At each point, the autocorrelation function is an average. The average is of the product of the signal and the signal after a given delay, \(\tau\). Therefore, what we’re really interested in is the average value of a set of these products. Given a finite-length vector, you will only have a limited number of these products at each \(\tau\). In particular, at large values of \(\tau\), you have very few products contributing to the average. In fact, at the maximum \(\tau\) you only have one product contributing to the average. Therefore the precision with which you can define that actually value of the autocorrelation function given only a few of these products is limited. But, we can leverage Bayesian inference to help us out and quantify that precision.

Bayesian Inference

We will assume that the products at a particular value of \(\tau\) mentioned above are distributed according to a normal distribution with a mean, \(\mu\), and a precision, \(\lambda = 1/\sigma^2\), that are unknown. Given a set of these samples at the particular value of \(\tau\), we can use Bayesian inference to infer the value of \(\mu\), which corresponds to the value of the autocorrelation function at that \(\tau\).

Prior

We can do this inference easily with a normal-gamma distribution conjugate prior, i.e.,

\[\begin{aligned}p(\mu,\lambda \vert D) &= NG(\mu,\lambda \vert \mu_0, \kappa_0,\alpha_0,\beta_0) \\ &= \frac{1}{Z_0} \lambda^{\alpha_0-0.5} \cdot e^{-\frac{\lambda}{2}\left(\kappa_0(\mu-\mu_0)^2+2\beta \right)} \end{aligned}\]

where

\[Z_0 = \frac{\Gamma(\alpha)}{\beta^\alpha}\left(\frac{2\pi}{\kappa_0}\right)^{0.5},\]
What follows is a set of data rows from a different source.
text \<open>The inequalities for \<open>c\<close> say that \<open>y + t x\<^sub>0 \<mapsto> b + t c\<close> is dominated by \<open>p\<close> on the
  half-lines \<open>t < 0\<close> and \<open>t > 0\<close>, after rescaling by \<open>\<bar>t\<bar>\<close>.\<close>

lemma extension_value_dominated:
  assumes G: "dominated_linear_graph E p G" and p: "sublinear_on E p"
    and "x\<^sub>0 \<in> E" "subspace E"
    and c_lower: "\<And>y b. (y, b) \<in> G \<Longrightarrow> b - p (y - x\<^sub>0) \<le> c"
    and c_upper: "\<And>z a. (z, a) \<in> G \<Longrightarrow> c \<le> p (z + x\<^sub>0) - a"
    and yb: "(y, b) \<in> G"
  shows "b + t * c \<le> p (y + t *\<^sub>R x\<^sub>0)"
proof -
  have p_scale: "\<And>s x. s \<ge> 0 \<Longrightarrow> x \<in> E \<Longrightarrow> p (s *\<^sub>R x) = s * p x"
    using p by (simp add: sublinear_on_def)
  have "y \<in> E" "b \<le> p y" using G yb by (auto simp: dominated_linear_graph_def)
  show ?thesis
  proof (cases t "0::real" rule: linorder_cases)
    case less
    define s where "s = - t"
    have "s > 0" using less by (simp add: s_def)
    have "y + t *\<^sub>R x\<^sub>0 = s *\<^sub>R ((1 / s) *\<^sub>R y - x\<^sub>0)"
      using \<open>s > 0\<close> by (simp add: s_def algebra_simps)
    then have "p (y + t *\<^sub>R x\<^sub>0) = s * p ((1 / s) *\<^sub>R y - x\<^sub>0)"
      using \<open>s > 0\<close> \<open>y \<in> E\<close> \<open>x\<^sub>0 \<in> E\<close> \<open>subspace E\<close> by (simp add: p_scale subspace_diff subspace_scale)
    moreover have "b / s - p ((1 / s) *\<^sub>R y - x\<^sub>0) \<le> c"
      using c_lower[OF dominated_linear_graph_scale[OF G yb, of "1 / s"]] by simp
    ultimately show ?thesis using \<open>s > 0\<close> by (simp add: s_def field_simps)
  next
    case equal
    then show ?thesis using \<open>b \<le> p y\<close> by simp
  next
    case greater
    have "y + t *\<^sub>R x\<^sub>0 = t *\<^sub>R ((1 / t) *\<^sub>R y + x\<^sub>0)"
      using greater by (simp add: algebra_simps)
    then have "p (y + t *\<^sub>R x\<^sub>0) = t * p ((1 / t) *\<^sub>R y + x\<^sub>0)"
      using greater \<open>y \<in> E\<close> \<open>x\<^sub>0 \<in> E\<close> \<open>subspace E\<close> by (simp add: p_scale subspace_add subspace_scale)
    moreover have "c \<le> p ((1 / t) *\<^sub>R y + x\<^sub>0) - b / t"
      using c_upper[OF dominated_linear_graph_scale[OF G yb, of "1 / t"]] by simp
    ultimately show ?thesis using greater by (simp add: field_simps)
  qed
qed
and where \(\Gamma(x)\) is the gamma function.

Posterior

Following Kevin Murphy’s nice paper, Conjugate Bayesian analysis of the Gaussian distribution, we can easily evaluate the posterior probability distribution of a normal likelihood, and a normal-gamma conjugate prior. The posterior probability distribution is also a normal-gamma distribution with

\[\begin{aligned} \kappa_n &= \kappa_0 + n \\ \alpha_n &= \alpha_0 + n/2 \\ \mu_n &= \mu_0 \frac{\kappa_0\mu_0+n\bar{x}}{\kappa_n}\\ \beta_n &= \beta_0 + \frac{1}{2}\sum_{i=1}^n (x_i - \bar{x})^2 + \frac{\kappa_0 n (\bar{x} - \mu_0)^2}{2\kappa_n}, \end{aligned}\]

where \(n\) is the number of datapoints in the set of products at the particular \(\tau\) being evaluated, and \(\bar{x}\) is the mean of those products in that set.

Posterior Marginals

Actually, if we’re just interested in the autocorrelation function, we dont’ really care about \(\lambda\), so we can marginalize it out of the posterior distribution given above. The posterior marginal for \(\mu\) alone given the data, \(\{A(t_i)A(t_i+\tau)\}\), is a Student’s T distribution

\[p(\mu \vert \mu_n, \kappa_n, \alpha_n, \beta_n, \{A(t_i)A(t_i+\tau)\}) = T_{2 \alpha_n} \left( \mu \vert \mu_n, \frac{\beta_n}{\alpha_n\kappa_n}\right),\]

where the second argument is the variance parameter (\(\sigma^2\)). Note that the cumulative distribution function (CDF) of the Student’s T distribution can be used to calculate the credible intervals on \(\mu\) given this marginalized posterior probability distribution.

Precision of the Autocorrelation function

We can calculate the autocorrelation function as shown above, but this does not give any notion of the precision of the autocorrelation function (particularly at large \(\tau\)). Instead, we will use Bayesian inference to infer the posterior probability distribution describing the autocorrelation function at every delay. This will provide us with the mean value, and a credible interval - the latter of which provides an idea of the precision with with the autocorrelation function is defined at any given \(\tau\). The credible interval (95%) blows up at large \(\tau\) (i.e., n), showing us to be wary about using the mean value. Note, that the autocorrelation function is normalized to the first datapoint, \(\tau=0\).